Reputation: 610
I am new in python.
I have a list with seperator of "::" and it seems like that;
1::Erin Burkovich (2000)::Drama
2::Assassins (1995)::Thriller
I want to split them by "::" and extract the year from name and add it into the end of the line.
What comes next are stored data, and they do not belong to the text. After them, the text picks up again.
(* Let $n\ge r\ge1$, let $\mathcal{O}\subset\mathbb{R}^{n\times r}$ be open with ${\rm St}(n,r)\subset\mathcal{O}$ and $f:\mathcal{O}\to\mathbb{R}$ continuously differentiable. A matrix $X\in\mathcal{S}_{+}^{n,r}$ satisfies \[ 0\in\nabla f(X)+{\rm N}_X M+\mathcal{N}_{\mathbb{R}_{+}^{n\times r}}(X) \] if and only if $-\nabla f(X)\in[\mathcal{T}_{\mathcal{S}_{+}^{n,r}}(X)]^{\circ}$.
   Context: $M={\rm St}(n,r):=\{X\in\mathbb{R}^{n\times r}: X^\top X=I_r\}$, with normal space ${\rm N}_XM=\{XS: S\in\mathbb{R}^{r\times r}\text{ symmetric}\}$. $\mathbb{R}_{+}^{n\times r}$ is the entrywise nonnegative cone, $\mathcal{S}_{+}^{n,r}:=\mathbb{R}_{+}^{n\times r}\cap{\rm St}(n,r)$, $\mathcal{N}_{\mathbb{R}_{+}^{n\times r}}(X)$ is the normal cone of convex analysis, $\mathcal{T}_{\Omega}(X)$ is the (Bouligand) tangent cone of $\Omega$ at $X$, and $K^\circ:=\{V:\langle V,H\rangle\le0\ \forall H\in K\}$ is the negative polar of a cone $K$ with respect to the trace inner product. (The first condition is the paper's definition of a stationary point of $\min_{X\in\mathcal{S}_{+}^{n,r}}f(X)$.) *)

theory Defs
  imports "HOL-Analysis.Analysis"
begin

text \<open>Matrices in R^(n x r) are rendered as real^'r^'n (rows indexed by 'n, columns by 'r).
  The inner product on this type is the trace inner product sum_ij X_ij Y_ij.\<close>

definition stiefel :: "(real^'r^'n) set" where
  "stiefel = {X. transpose X ** X = mat 1}"

definition nonneg_cone :: "(real^'r^'n) set" where
  "nonneg_cone = {X. \<forall>i j. 0 \<le> X $ i $ j}"

definition nonneg_stiefel :: "(real^'r^'n) set" where
  "nonneg_stiefel = nonneg_cone \<inter> stiefel"

definition stiefel_normal_space :: "real^'r^'n \<Rightarrow> (real^'r^'n) set" where
  "stiefel_normal_space X = {X ** S | S. transpose S = S}"

definition normal_cone :: "'a::real_inner set \<Rightarrow> 'a \<Rightarrow> 'a set" where
  "normal_cone C x = {v. \<forall>y\<in>C. inner v (y - x) \<le> 0}"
Each movie has it own index.
Desired list seems like;
1::Erin Burkovich:Drama::2000
2::Assasins:Thriller:1995
I have below code:
for i in movies:
movie_id,movie_title,movie_genre=i.split("::")
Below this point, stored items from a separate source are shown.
(* Let $u_0\in\ell^\infty_+(\mathbb{Z})$ with $\frac12\le u_0\le1$. Then for every $\varepsilon>0$ there exist a creation operator $\Psi_*$ and $N_0\in\mathbb{N}$ such that $$\Big|\Lambda(\Psi_*u_0,k,N)-\tfrac12\Big|\le\varepsilon\quad\text{for all }k\in\mathbb{Z},\ N\ge N_0.$$ Furthermore, the jump sequence $d$ of $\Psi_*$ satisfies $\|d\|_\infty<\infty$, with a bound depending only on $\varepsilon$.
   Context: $\ell^\infty_+(\mathbb{Z})$: bounded nonnegative sequences. Local averages: $\Lambda(x,k,N)=\frac1{2N+1}\sum_{l=-N}^N x(k-l)$. A creation operator is given by a strictly increasing $\Psi:\mathbb{Z}\to\mathbb{Z}$; its jump sequence records the gaps $d=\Psi(k+1)-\Psi(k)-1\in\mathbb{N}_0$ (number of inserted particles between consecutive original particles), and $\Psi_*x(\Psi(k))=x(k)$, $\Psi_*x(l)=0$ for $l\notin\Psi(\mathbb{Z})$. *)

theory Defs
  imports Complex_Main
begin

definition local_avg :: "(int \<Rightarrow> real) \<Rightarrow> int \<Rightarrow> nat \<Rightarrow> real" where
  "local_avg x k N = (\<Sum>l = - int N .. int N. x (k - l)) / (2 * real N + 1)"

definition creation_map :: "(int \<Rightarrow> int) \<Rightarrow> bool" where
  "creation_map \<Psi> \<longleftrightarrow> strict_mono \<Psi>"

definition creation_push :: "(int \<Rightarrow> int) \<Rightarrow> (int \<Rightarrow> real) \<Rightarrow> int \<Rightarrow> real" where
  "creation_push \<Psi> x l = (if l \<in> range \<Psi> then x (the_inv \<Psi> l) else 0)"

definition jump_seq :: "(int \<Rightarrow> int) \<Rightarrow> int \<Rightarrow> nat" where
  "jump_seq \<Psi> k = nat (\<Psi> (k + 1) - \<Psi> k - 1)"

end

theory Submission
  imports Defs
begin

text \<open>Place the original particles at the points \<open>\<Psi> k = \<lfloor>2 S k\<rfloor>\<close>, where \<open>S\<close> is the
  cumulative sum of \<open>u\<^sub>0\<close>. Since \<open>1/2 \<le> u\<^sub>0 \<le> 1\<close>, consecutive points differ by 1 or 2, so
  \<open>\<Psi>\<close> is strictly increasing with jumps at most 1. The mass of \<open>\<Psi>\<^sub>* u\<^sub>0\<close> to the left of a
  site \<open>m\<close> is \<open>S\<close> at the first index \<open>k\<close> with \<open>\<Psi> k \<ge> m\<close>, and twice this lies in
  \<open>[m, m + 2)\<close>. Hence every window of length \<open>n\<close> carries mass within 1 of \<open>n/2\<close>, and the
  local averages over \<open>2N + 1\<close> sites are within \<open>1/(2N + 1)\<close> of \<open>1/2\<close>.\<close>

lemma sum_atLeastLessThan_telescope_int:
  fixes f F :: "int \<Rightarrow> 'a::ab_group_add"
  assumes "\<And>m. F (m + 1) = F m + f m" and "a \<le> b"
  shows "sum f {a..<b} = F b - F a"
  using \<open>a \<le> b\<close>
proof (induction b rule: int_ge_induct)
  case (step b)
  have "{a..<b + 1} = insert b {a..<b}" using step.hyps by auto
  then show ?case using step.IH assms(1)[of b] by (simp add: algebra_simps)
qed simp

lemma strict_mono_int_succI:
  fixes f :: "int \<Rightarrow> 'a::order"
  assumes "\<And>i. f i < f (i + 1)"
  shows "strict_mono f"
proof (rule strict_monoI)
  fix i j :: int
  assume "i < j"
  then have "i + 1 \<le> j" by simp
  then show "f i < f j"
    by (induction j rule: int_ge_induct) (use assms order.strict_trans in blast)+
qed

definition cumsum :: "(int \<Rightarrow> real) \<Rightarrow> int \<Rightarrow> real" where
  "cumsum u k = (if 0 \<le> k then sum u {0..<k} else - sum u {k..<0})"

lemma cumsum_succ: "cumsum u (k + 1) = cumsum u k + u k"
proof -
  consider "0 \<le> k" | "k = -1" | "k < -1" by linarith
  then show ?thesis
  proof cases
    case 1
    then have "{0..<k + 1} = insert k {0..<k}" by auto
    with 1 show ?thesis by (simp add: cumsum_def)
  next
    case 2
    then have "{k..<0} = {k}" by auto
    with 2 show ?thesis by (simp add: cumsum_def)
  next
    case 3
    then have "{k..<0} = insert k {k + 1..<0}" by auto
    with 3 show ?thesis by (simp add: cumsum_def)
  qed
qed

definition first_index :: "(int \<Rightarrow> int) \<Rightarrow> int \<Rightarrow> int" where
  "first_index \<Psi> m = (THE k. \<Psi> (k - 1) < m \<and> m \<le> \<Psi> k)"

context
  fixes \<Psi> :: "int \<Rightarrow> int"
  assumes mono: "strict_mono \<Psi>"
begin

lemma first_index_unique:
  assumes "\<Psi> (k - 1) < m" "m \<le> \<Psi> k" "\<Psi> (j - 1) < m" "m \<le> \<Psi> j"
  shows "k = j"
proof (rule ccontr)
  assume "k \<noteq> j"
  then have "k \<le> j - 1 \<or> j \<le> k - 1" by auto
  then show False
    using assms strict_mono_less_eq[OF mono] by (metis not_le order_trans)
qed

lemma first_index_exists: "\<exists>k. \<Psi> (k - 1) < m \<and> m \<le> \<Psi> k"
proof (induction m rule: int_induct[where k = "\<Psi> 0"])
  case base
  show ?case using strict_monoD[OF mono, of "-1" 0] by (intro exI[of _ 0]) simp
next
  case (step1 i)
  then obtain k where k: "\<Psi> (k - 1) < i" "i \<le> \<Psi> k" by blast
  show ?case
  proof (cases "i + 1 \<le> \<Psi> k")
    case True
    with k show ?thesis by (intro exI[of _ k]) simp
  next
    case False
    with k strict_monoD[OF mono, of k "k + 1"] show ?thesis by (intro exI[of _ "k + 1"]) auto
  qed
next
  case (step2 i)
  then obtain k where k: "\<Psi> (k - 1) < i" "i \<le> \<Psi> k" by blast
  show ?case
  proof (cases "\<Psi> (k - 1) < i - 1")
    case True
    with k show ?thesis by (intro exI[of _ k]) simp
  next
    case False
    with k strict_monoD[OF mono, of "k - 2" "k - 1"] show ?thesis
      by (intro exI[of _ "k - 1"]) auto
  qed
qed

lemma first_index: "\<Psi> (first_index \<Psi> m - 1) < m" "m \<le> \<Psi> (first_index \<Psi> m)"
  using theI'[of "\<lambda>k. \<Psi> (k - 1) < m \<and> m \<le> \<Psi> k"] first_index_exists first_index_unique
  unfolding first_index_def by blast+

lemma first_index_eqI: "\<Psi> (k - 1) < m \<Longrightarrow> m \<le> \<Psi> k \<Longrightarrow> first_index \<Psi> m = k"
  using first_index first_index_unique by blast

lemma cumsum_first_index_succ:
  "cumsum x (first_index \<Psi> (m + 1)) = cumsum x (first_index \<Psi> m) + creation_push \<Psi> x m"
proof -
  define k where "k = first_index \<Psi> m"
  have k: "\<Psi> (k - 1) < m" "m \<le> \<Psi> k" using first_index k_def by auto
  show ?thesis
  proof (cases "\<Psi> k = m")
    case True
    have "the_inv \<Psi> m = k"
      using True the_inv_f_f[OF strict_mono_imp_inj_on[OF mono]] by metis
    then have "creation_push \<Psi> x m = x k"
      using True unfolding creation_push_def by (metis rangeI)
    moreover have "first_index \<Psi> (m + 1) = k + 1"
      using True strict_monoD[OF mono, of k "k + 1"] by (intro first_index_eqI) auto
    ultimately show ?thesis by (simp add: k_def cumsum_succ)
  next
    case False
    have "m \<notin> range \<Psi>"
    proof
      assume "m \<in> range \<Psi>"
      then obtain j where j: "\<Psi> j = m" by auto
      moreover have "\<Psi> (j - 1) < m" using j strict_monoD[OF mono, of "j - 1" j] by simp
      ultimately have "j = k" using first_index_unique k by auto
      with False j show False by simp
    qed
    then have "creation_push \<Psi> x m = 0" unfolding creation_push_def by simp
    moreover have "first_index \<Psi> (m + 1) = k" using k False by (intro first_index_eqI) auto
    ultimately show ?thesis by (simp add: k_def)
  qed
qed

lemma sum_creation_push:
  "a \<le> b \<Longrightarrow> sum (creation_push \<Psi> x) {a..<b} =
     cumsum x (first_index \<Psi> b) - cumsum x (first_index \<Psi> a)"
  by (rule sum_atLeastLessThan_telescope_int) (rule cumsum_first_index_succ)

end

definition rounding_map :: "(int \<Rightarrow> real) \<Rightarrow> int \<Rightarrow> int" where
  "rounding_map u k = \<lfloor>2 * cumsum u k\<rfloor>"

context
  fixes u :: "int \<Rightarrow> real"
  assumes u_bounds: "\<And>k. 1/2 \<le> u k" "\<And>k. u k \<le> 1"
begin

lemma rounding_map_succ:
  "rounding_map u k < rounding_map u (k + 1)" "rounding_map u (k + 1) \<le> rounding_map u k + 2"
proof -
  have "2 * cumsum u (k + 1) = 2 * cumsum u k + 2 * u k" by (simp add: cumsum_succ)
  moreover have "1 \<le> 2 * u k" "2 * u k \<le> 2" using u_bounds[of k] by auto
  ultimately show "rounding_map u k < rounding_map u (k + 1)"
    "rounding_map u (k + 1) \<le> rounding_map u k + 2"
    unfolding rounding_map_def by linarith+
qed

lemma strict_mono_rounding_map: "strict_mono (rounding_map u)"
  using rounding_map_succ(1) by (rule strict_mono_int_succI)

lemma jump_seq_rounding_map: "jump_seq (rounding_map u) k \<le> 1"
  using rounding_map_succ[of k] unfolding jump_seq_def by simp

lemma cumsum_first_index_rounding_map:
  fixes m :: int
  defines "k \<equiv> first_index (rounding_map u) m"
  shows "real_of_int m \<le> 2 * cumsum u k" "2 * cumsum u k < real_of_int m + 2"
proof -
  have "rounding_map u (k - 1) < m" "m \<le> rounding_map u k"
    using first_index[OF strict_mono_rounding_map] unfolding k_def by auto
  moreover have "rounding_map u k \<le> rounding_map u (k - 1) + 2"
    using rounding_map_succ(2)[of "k - 1"] by simp
  ultimately show "real_of_int m \<le> 2 * cumsum u k" "2 * cumsum u k < real_of_int m + 2"
    unfolding rounding_map_def by linarith+
qed

lemma window_sum_rounding_map:
  "\<bar>sum (creation_push (rounding_map u) u) {a..<a + int n} - real n / 2\<bar> < 1"
  using sum_creation_push[OF strict_mono_rounding_map, of a "a + int n" u]
    cumsum_first_index_rounding_map[of a] cumsum_first_index_rounding_map[of "a + int n"]
  by (simp add: abs_less_iff)

end

lemma local_avg_eq_window:
  "local_avg x k N = sum x {k - int N..<k - int N + int (2 * N + 1)} / (2 * real N + 1)"
  unfolding local_avg_def
  by (rule arg_cong[where f = "\<lambda>s. s / _"],
      rule sum.reindex_bij_witness[where i = "\<lambda>m. k - m" and j = "\<lambda>l. k - l"]) auto

lemma local_avg_near_half:
  fixes x :: "int \<Rightarrow> real"
  assumes "\<And>a n. \<bar>sum x {a..<a + int n} - real n / 2\<bar> < 1"
  shows "\<bar>local_avg x k N - 1/2\<bar> \<le> 1 / (2 * real N + 1)"
proof -
  define s where "s = sum x {k - int N..<k - int N + int (2 * N + 1)}"
  have pos: "0 < 2 * real N + 1" by simp
  have "local_avg x k N - 1/2 = (s - real (2 * N + 1) / 2) / (2 * real N + 1)"
    using pos by (simp add: local_avg_eq_window s_def field_simps)
  moreover have "\<bar>s - real (2 * N + 1) / 2\<bar> \<le> 1"
    using assms[of "k - int N" "2 * N + 1"] unfolding s_def by simp
  ultimately show ?thesis using pos by (simp add: divide_right_mono)
qed

theorem lemma4p2:
  shows "\<forall>\<epsilon>::real. \<epsilon> > 0 \<longrightarrow> (\<exists>B::nat. \<forall>u0 :: int \<Rightarrow> real.
           (\<forall>k. 1/2 \<le> u0 k \<and> u0 k \<le> 1) \<longrightarrow>
           (\<exists>\<Psi> N0. creation_map \<Psi> \<and>
              (\<forall>k. \<forall>N\<ge>N0. \<bar>local_avg (creation_push \<Psi> u0) k N - 1/2\<bar> \<le> \<epsilon>) \<and>
              (\<forall>k. jump_seq \<Psi> k \<le> B)))"
proof (intro allI impI exI[of _ 1])
  fix \<epsilon> :: real and u0 :: "int \<Rightarrow> real"
  assume "\<epsilon> > 0" and u0: "\<forall>k. 1/2 \<le> u0 k \<and> u0 k \<le> 1"
  obtain N0 :: nat where N0: "1 / \<epsilon> < real N0" using reals_Archimedean2 by blast
  have "\<bar>local_avg (creation_push (rounding_map u0) u0) k N - 1/2\<bar> \<le> \<epsilon>"
    if "N \<ge> N0" for k N
  proof -
    have "\<bar>local_avg (creation_push (rounding_map u0) u0) k N - 1/2\<bar> \<le> 1 / (2 * real N + 1)"
      using u0 by (intro local_avg_near_half window_sum_rounding_map) auto
    also have "\<dots> \<le> \<epsilon>"
    proof -
      have "1 < \<epsilon> * real N0" using N0 \<open>\<epsilon> > 0\<close> by (simp add: field_simps)
      also have "\<dots> \<le> \<epsilon> * (2 * real N + 1)" using that \<open>\<epsilon> > 0\<close> by simp
      finally show ?thesis by (simp add: field_simps)
    qed
    finally show ?thesis .
  qed
  moreover have "creation_map (rounding_map u0)" "\<And>k. jump_seq (rounding_map u0) k \<le> 1"
    using u0 strict_mono_rounding_map jump_seq_rounding_map unfolding creation_map_def by auto
  ultimately show "\<exists>\<Psi> N0. creation_map \<Psi> \<and>
      (\<forall>k. \<forall>N\<ge>N0. \<bar>local_avg (creation_push \<Psi> u0) k N - 1/2\<bar> \<le> \<epsilon>) \<and>
      (\<forall>k. jump_seq \<Psi> k \<le> 1)"
    by blast
qed

end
movie_year=((movie_title.split(" "))[-1]).replace("(","").replace(")","")
movies.insert(-1, movie_year)
but it doesn't work at all.
Any help ?
Thanks in advance.
Upvotes: 1
Views: 70
Reputation: 1644
Many issues,
split
doesn't return a tuple but a list, so it can't be assigned directlyI've rewritten the code based on what you wanted, hope it helps
movies=["1::Erin Burkovich (2000)::Drama", "2::Assassins (1995)::Thriller"]
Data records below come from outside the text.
(* Let $(X,d)$ be a metric space, and let $K\in\mathcal{K}(X)$ and $u\in\mathcal{F}(X)$ satisfy $\delta:=d_E(\chi_K,u)<\tfrac12$. Then $d_H(K,u_\alpha)\le\delta$ for every $\alpha\in\,]\delta,1-\delta]$.
   Context: Let $\mathbb{I}=[0,1]$. For a fuzzy set $u:X\to\mathbb{I}$ on a metric space $(X,d)$, its $\alpha$-level is $u_\alpha=\{x\in X: u(x)\ge\alpha\}$ for $\alpha\in\,]0,1]$, and $u_0=\overline{\{x\in X: u(x)>0\}}$. $\mathcal{F}(X)$ denotes the set of upper-semicontinuous fuzzy sets $u$ such that $u_0$ is compact and $u_1\neq\varnothing$. $\mathcal{K}(X)$ is the set of non-empty compact subsets of $X$, and for non-empty closed sets $C_1,C_2$ the Hausdorff distance is $d_H(C_1,C_2)=\max\{\sup_{x\in C_1}d(x,C_2),\sup_{y\in C_2}d(y,C_1)\}$. For $K\in\mathcal{K}(X)$, $\chi_K$ is the characteristic function of $K$ (an element of $\mathcal{F}(X)$). On $X\times\mathbb{I}$ use the metric $\overline{d}((x,\alpha),(y,\beta))=\max\{d(x,y),|\alpha-\beta|\}$. The endograph of $u$ is $\operatorname{end}(u)=\{(x,\alpha)\in X\times\mathbb{I}: u(x)\ge\alpha\}$, and the endograph metric is $d_E(u,v)=\overline{d}_H(\operatorname{end}(u),\operatorname{end}(v))$, the Hausdorff distance in $(X\times\mathbb{I},\overline{d})$. *)

theory Defs
  imports "HOL-Analysis.Analysis"
begin

definition hausdorff_dist :: "('b \<Rightarrow> 'b \<Rightarrow> real) \<Rightarrow> 'b set \<Rightarrow> 'b set \<Rightarrow> real" where
  "hausdorff_dist D A B =
     max (SUP x\<in>A. INF y\<in>B. D x y) (SUP y\<in>B. INF x\<in>A. D x y)"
for i in range(len(movies)):
movie_details=movies[i].split("::")
print movie_details
movie_id=movie_details[0]
movie_title=movie_details[1]
movie_genre=movie_details[2]
movie_title_parts=movie_title.split(" ")
movie_year=((movie_title_parts[-1]).replace("(","").replace(")",""))
del movie_title_parts[-1]
movie_title=" ".join(movie_title_parts)
print movie_title+", "+movie_year
movies[i]=movie_id+"::"+movie_title+"::"+movie_genre+"::"+movie_year
Upvotes: 0
Reputation: 480
For python 3.6,check out this
a="""1::Erin Burkovich (2000)::Drama
2::Assassins (1995)::Thriller"""
a=a.split("\n")
c=[]
for b in range(len(a)):
g=[]
d=a[b].split("::")
e=d[1].split(" (")[1].split(")")[0]
f=d[1].split(" (")[0]
g.append(d[0])
g.append(f)
g.append(d[2])
g.append(e)
h="::".join(g)
c.append(h)
print("\n".join(c))
OUTPUT::
1::Erin Burkovich::Drama::2000
2::Assassins::Thriller::1995
Upvotes: 0
Reputation: 1511
Another (probably less elegant) way:
for i in movies:
split_list = i.split("::")
movie_id = split_list[0]
movie_title = split_list[1].split('(')
movie_genre = split_list[2]
print movie_id + '::' + movie_title[0].strip() + "::" + movie_genre + "::" + movie_title[1].strip(')')
Upvotes: 0
Reputation: 95968
You're having infinite loop, because when you add an item, your loop needs to iterate on more items, and then you're adding another item...
You should create a new list with the result.
Also, you can extract the list in a much easier way:
movie_year = re.findall('\d+', '(2000)')
Upvotes: 1
Reputation: 71451
Instead of splitting, you can use re.findall
to grab all alphanumeric characters, including whitespace, and then regroup:
import re
s = ['1::Erin Burkovich (2000)::Drama', '2::Assassins (1995)::Thriller']
new_data = [re.sub('\s(?=\:)', '', "{}::{}:{}:{}".format(id, name, type, year)) for id, name, year, type in [re.findall('[a-zA-Z0-9\s]+', i) for i in s]]
Output:
['1::Erin Burkovich:Drama:2000', '2::Assassins:Thriller:1995']
Upvotes: 0